I'll Take the Sprocket Assembly and Pedals!!!


----------



## Robertriley (May 26, 2017)

carlitos60 said:


> Cool Badge There!!!
> I'll Take the Sprocket Assembly and Pedals!!!



Who wouldn't...lol


----------



## mike j (May 27, 2017)

Just looked up League of American Wheelmen, was a non-profit group that advocated improved roads, among other things, for cyclists. 1880 to 1902.


----------



## dfa242 (May 27, 2017)

And of course, still very active today in their updated form.




Really like that badge.


----------



## Blue Streak (May 27, 2017)

1899 Ramsey Swinging Pedal Co. catalog:


----------



## barracuda (May 27, 2017)

I suspect your guy may be in possession of a Caffrey bicycle. The Lake Anti-Friction Bearing was apparently proprietary to Caffrey. Clearly many of your components have been swapped out for new (e.g., the ND Model D) but you might check some of the specifications in these ads and see if it lines up with what is left. Nice pedals, wonderful badge, nice bike!

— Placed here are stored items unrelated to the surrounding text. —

lemma distr_lborel_shear_re: "distr lborel borel (shear_re a) = lborel"
proof (rule distr_lborel_eqI_nn_integral)
  fix h :: "complex \<Rightarrow> ennreal"
  assume [measurable]: "h \<in> borel_measurable borel"
  have "(\<integral>\<^sup>+z. h (shear_re a z) \<partial>lborel)
      = (\<integral>\<^sup>+y. \<integral>\<^sup>+x. h (Complex (a * y + 1 * x) y) \<partial>lborel \<partial>lborel)"
    by (subst nn_integral_lborel_complex(1)) (auto simp: shear_re_def algebra_simps)
  also have "\<dots> = (\<integral>\<^sup>+y. \<integral>\<^sup>+x. h (Complex x y) \<partial>lborel \<partial>lborel)"
    using nn_integral_real_affine[of "\<lambda>x. h (Complex x y)" 1 "a * y" for y] by simp
  finally show "(\<integral>\<^sup>+z. h (shear_re a z) \<partial>lborel) = (\<integral>\<^sup>+z. h z \<partial>lborel)"
    by (simp add: nn_integral_lborel_complex(1))
qed simp

lemma distr_lborel_shear_im: "distr lborel borel (shear_im b) = lborel"
proof (rule distr_lborel_eqI_nn_integral)
  fix h :: "complex \<Rightarrow> ennreal"
  assume [measurable]: "h \<in> borel_measurable borel"
  have "(\<integral>\<^sup>+z. h (shear_im b z) \<partial>lborel)
      = (\<integral>\<^sup>+x. \<integral>\<^sup>+y. h (Complex x (b * x + 1 * y)) \<partial>lborel \<partial>lborel)"
    by (subst nn_integral_lborel_complex(2)) (auto simp: shear_im_def algebra_simps)
  also have "\<dots> = (\<integral>\<^sup>+x. \<integral>\<^sup>+y. h (Complex x y) \<partial>lborel \<partial>lborel)"
    using nn_integral_real_affine[of "\<lambda>y. h (Complex x y)" 1 "b * x" for x] by simp
  finally show "(\<integral>\<^sup>+z. h (shear_im b z) \<partial>lborel) = (\<integral>\<^sup>+z. h z \<partial>lborel)"
    by (simp add: nn_integral_lborel_complex(2))
qed simp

Both these ads are from 1898, so not exactly the frame we are viewing, but perhaps:


----------



## Jesse McCauley (Jul 12, 2017)

barracuda said:


> I suspect your guy may be in possession of a Caffrey bicycle. The Lake Anti-Friction Bearing was apparently proprietary to Caffrey. Clearly many of your components have been swapped out for new (e.g., the ND Model D) but you might check some of the specifications in these ads and see if it lines up with what is left. Nice pedals, wonderful badge, nice bike!
> 
> Both these ads are from 1898, so not exactly the frame we are viewing, but perhaps:
> 
> ...




Good call! Much appreciated lead


Sent from my iPhone using Tapatalk


----------